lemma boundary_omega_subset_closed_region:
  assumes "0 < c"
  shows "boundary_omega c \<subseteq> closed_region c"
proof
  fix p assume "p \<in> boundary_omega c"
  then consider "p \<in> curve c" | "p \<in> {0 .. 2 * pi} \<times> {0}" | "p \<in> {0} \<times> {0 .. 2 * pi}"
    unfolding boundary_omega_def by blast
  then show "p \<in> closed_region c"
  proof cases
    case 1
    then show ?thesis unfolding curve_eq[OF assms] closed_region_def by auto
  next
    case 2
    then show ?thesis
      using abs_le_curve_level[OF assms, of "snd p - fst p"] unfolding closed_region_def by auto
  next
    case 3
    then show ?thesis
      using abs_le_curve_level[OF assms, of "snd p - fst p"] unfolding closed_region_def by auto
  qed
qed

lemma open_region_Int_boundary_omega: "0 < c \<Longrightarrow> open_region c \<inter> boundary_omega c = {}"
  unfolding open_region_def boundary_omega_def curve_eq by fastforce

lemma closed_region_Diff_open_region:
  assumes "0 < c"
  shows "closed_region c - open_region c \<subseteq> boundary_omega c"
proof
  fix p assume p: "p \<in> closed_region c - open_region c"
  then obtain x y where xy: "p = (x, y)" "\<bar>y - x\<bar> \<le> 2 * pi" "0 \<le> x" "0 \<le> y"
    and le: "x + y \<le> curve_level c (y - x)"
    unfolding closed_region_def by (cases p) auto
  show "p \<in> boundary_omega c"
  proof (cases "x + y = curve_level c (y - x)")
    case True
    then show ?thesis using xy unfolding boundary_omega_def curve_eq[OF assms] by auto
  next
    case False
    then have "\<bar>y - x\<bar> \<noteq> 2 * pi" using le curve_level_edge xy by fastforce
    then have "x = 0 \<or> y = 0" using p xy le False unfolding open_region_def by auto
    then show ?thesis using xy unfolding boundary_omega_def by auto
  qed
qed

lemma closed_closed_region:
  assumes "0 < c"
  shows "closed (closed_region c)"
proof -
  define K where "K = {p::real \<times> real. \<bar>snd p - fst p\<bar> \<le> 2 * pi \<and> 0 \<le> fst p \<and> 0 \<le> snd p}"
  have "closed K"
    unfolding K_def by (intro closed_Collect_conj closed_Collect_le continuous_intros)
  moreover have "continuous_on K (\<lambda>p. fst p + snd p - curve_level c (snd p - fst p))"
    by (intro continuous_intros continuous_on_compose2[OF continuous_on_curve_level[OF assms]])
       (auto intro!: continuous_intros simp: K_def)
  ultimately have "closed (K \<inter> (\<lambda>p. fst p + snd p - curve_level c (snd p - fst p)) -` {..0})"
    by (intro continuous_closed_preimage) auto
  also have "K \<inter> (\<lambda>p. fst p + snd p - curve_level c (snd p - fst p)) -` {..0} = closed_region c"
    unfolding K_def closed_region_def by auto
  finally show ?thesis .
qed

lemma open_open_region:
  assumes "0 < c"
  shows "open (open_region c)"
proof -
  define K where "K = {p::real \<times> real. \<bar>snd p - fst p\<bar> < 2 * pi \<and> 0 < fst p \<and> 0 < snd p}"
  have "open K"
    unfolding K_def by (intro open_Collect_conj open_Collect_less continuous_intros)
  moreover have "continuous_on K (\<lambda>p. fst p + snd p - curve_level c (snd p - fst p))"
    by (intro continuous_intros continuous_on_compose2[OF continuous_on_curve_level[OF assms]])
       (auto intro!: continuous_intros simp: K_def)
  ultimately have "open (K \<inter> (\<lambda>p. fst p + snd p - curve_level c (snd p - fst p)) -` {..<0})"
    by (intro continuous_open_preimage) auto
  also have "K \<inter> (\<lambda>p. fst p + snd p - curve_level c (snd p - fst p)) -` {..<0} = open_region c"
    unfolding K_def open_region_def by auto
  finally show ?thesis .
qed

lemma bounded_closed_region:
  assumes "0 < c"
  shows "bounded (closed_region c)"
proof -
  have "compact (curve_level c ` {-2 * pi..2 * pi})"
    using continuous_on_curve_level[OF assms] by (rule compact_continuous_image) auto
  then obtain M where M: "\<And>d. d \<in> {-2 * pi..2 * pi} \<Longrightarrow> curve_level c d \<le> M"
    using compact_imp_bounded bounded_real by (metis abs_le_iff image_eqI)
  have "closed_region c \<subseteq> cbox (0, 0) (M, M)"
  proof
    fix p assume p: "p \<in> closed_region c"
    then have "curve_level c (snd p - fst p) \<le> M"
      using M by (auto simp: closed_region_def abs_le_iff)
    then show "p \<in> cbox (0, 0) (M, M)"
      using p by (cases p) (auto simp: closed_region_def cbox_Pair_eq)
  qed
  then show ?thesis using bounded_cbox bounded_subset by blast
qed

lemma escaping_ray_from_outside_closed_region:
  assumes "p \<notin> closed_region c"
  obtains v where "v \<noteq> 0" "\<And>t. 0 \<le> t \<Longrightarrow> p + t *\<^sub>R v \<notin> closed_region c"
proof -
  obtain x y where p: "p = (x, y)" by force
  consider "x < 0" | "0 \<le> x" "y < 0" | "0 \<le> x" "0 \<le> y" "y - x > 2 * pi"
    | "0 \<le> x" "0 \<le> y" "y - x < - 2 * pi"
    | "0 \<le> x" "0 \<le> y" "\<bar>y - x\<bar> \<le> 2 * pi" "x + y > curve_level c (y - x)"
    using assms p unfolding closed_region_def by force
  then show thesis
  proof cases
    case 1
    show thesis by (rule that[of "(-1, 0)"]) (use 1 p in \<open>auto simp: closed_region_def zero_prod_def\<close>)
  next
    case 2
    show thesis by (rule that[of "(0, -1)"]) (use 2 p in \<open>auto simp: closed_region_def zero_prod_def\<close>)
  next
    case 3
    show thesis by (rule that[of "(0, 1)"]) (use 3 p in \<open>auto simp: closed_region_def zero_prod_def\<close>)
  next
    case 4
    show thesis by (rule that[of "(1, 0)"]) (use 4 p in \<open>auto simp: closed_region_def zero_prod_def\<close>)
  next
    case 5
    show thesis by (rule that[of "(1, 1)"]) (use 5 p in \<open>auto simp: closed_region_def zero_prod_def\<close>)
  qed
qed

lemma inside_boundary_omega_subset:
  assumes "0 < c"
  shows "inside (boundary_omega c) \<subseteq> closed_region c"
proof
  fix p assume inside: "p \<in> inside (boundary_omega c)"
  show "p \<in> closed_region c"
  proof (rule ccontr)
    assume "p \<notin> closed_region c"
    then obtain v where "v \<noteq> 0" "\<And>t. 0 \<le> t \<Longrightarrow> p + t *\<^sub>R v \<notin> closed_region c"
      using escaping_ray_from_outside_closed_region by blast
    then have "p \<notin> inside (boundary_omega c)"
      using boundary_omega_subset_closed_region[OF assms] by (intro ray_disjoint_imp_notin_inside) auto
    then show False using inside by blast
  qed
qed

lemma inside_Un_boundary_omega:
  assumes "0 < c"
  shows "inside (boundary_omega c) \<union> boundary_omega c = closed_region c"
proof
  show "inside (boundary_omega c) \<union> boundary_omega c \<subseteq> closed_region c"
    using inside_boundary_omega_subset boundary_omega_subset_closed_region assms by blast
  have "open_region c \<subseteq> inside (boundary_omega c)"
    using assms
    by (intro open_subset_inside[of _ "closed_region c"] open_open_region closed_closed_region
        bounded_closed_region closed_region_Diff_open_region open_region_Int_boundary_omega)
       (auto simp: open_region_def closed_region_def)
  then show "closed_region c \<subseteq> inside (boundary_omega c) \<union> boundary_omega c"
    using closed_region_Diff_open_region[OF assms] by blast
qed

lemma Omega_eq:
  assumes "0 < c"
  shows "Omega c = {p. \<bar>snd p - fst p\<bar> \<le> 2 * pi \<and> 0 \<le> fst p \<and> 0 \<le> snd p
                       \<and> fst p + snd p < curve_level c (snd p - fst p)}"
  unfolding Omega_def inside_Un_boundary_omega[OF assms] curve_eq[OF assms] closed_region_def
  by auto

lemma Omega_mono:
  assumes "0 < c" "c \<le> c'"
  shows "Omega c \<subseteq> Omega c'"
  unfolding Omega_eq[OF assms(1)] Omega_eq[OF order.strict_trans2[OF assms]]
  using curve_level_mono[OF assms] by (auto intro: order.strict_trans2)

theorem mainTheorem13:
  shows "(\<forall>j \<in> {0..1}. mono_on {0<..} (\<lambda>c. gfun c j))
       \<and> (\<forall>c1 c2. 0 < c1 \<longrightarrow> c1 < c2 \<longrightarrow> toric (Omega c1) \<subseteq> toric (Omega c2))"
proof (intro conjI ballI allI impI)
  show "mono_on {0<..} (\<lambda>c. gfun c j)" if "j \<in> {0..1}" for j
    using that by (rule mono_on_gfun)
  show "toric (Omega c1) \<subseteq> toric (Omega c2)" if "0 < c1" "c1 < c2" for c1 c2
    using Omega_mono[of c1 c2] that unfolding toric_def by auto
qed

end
· · ·
### PROBLEM STATEMENT
The expected answer is a copy of every line in the entries that holds the word "union".

### YOUR SOLUTION
  shows "inside (boundary_omega c) \<union> boundary_omega c = closed_region c"
  show "inside (boundary_omega c) \<union> boundary_omega c \<subseteq> closed_region c"
  then show "closed_region c \<subseteq> inside (boundary_omega c) \<union> boundary_omega c"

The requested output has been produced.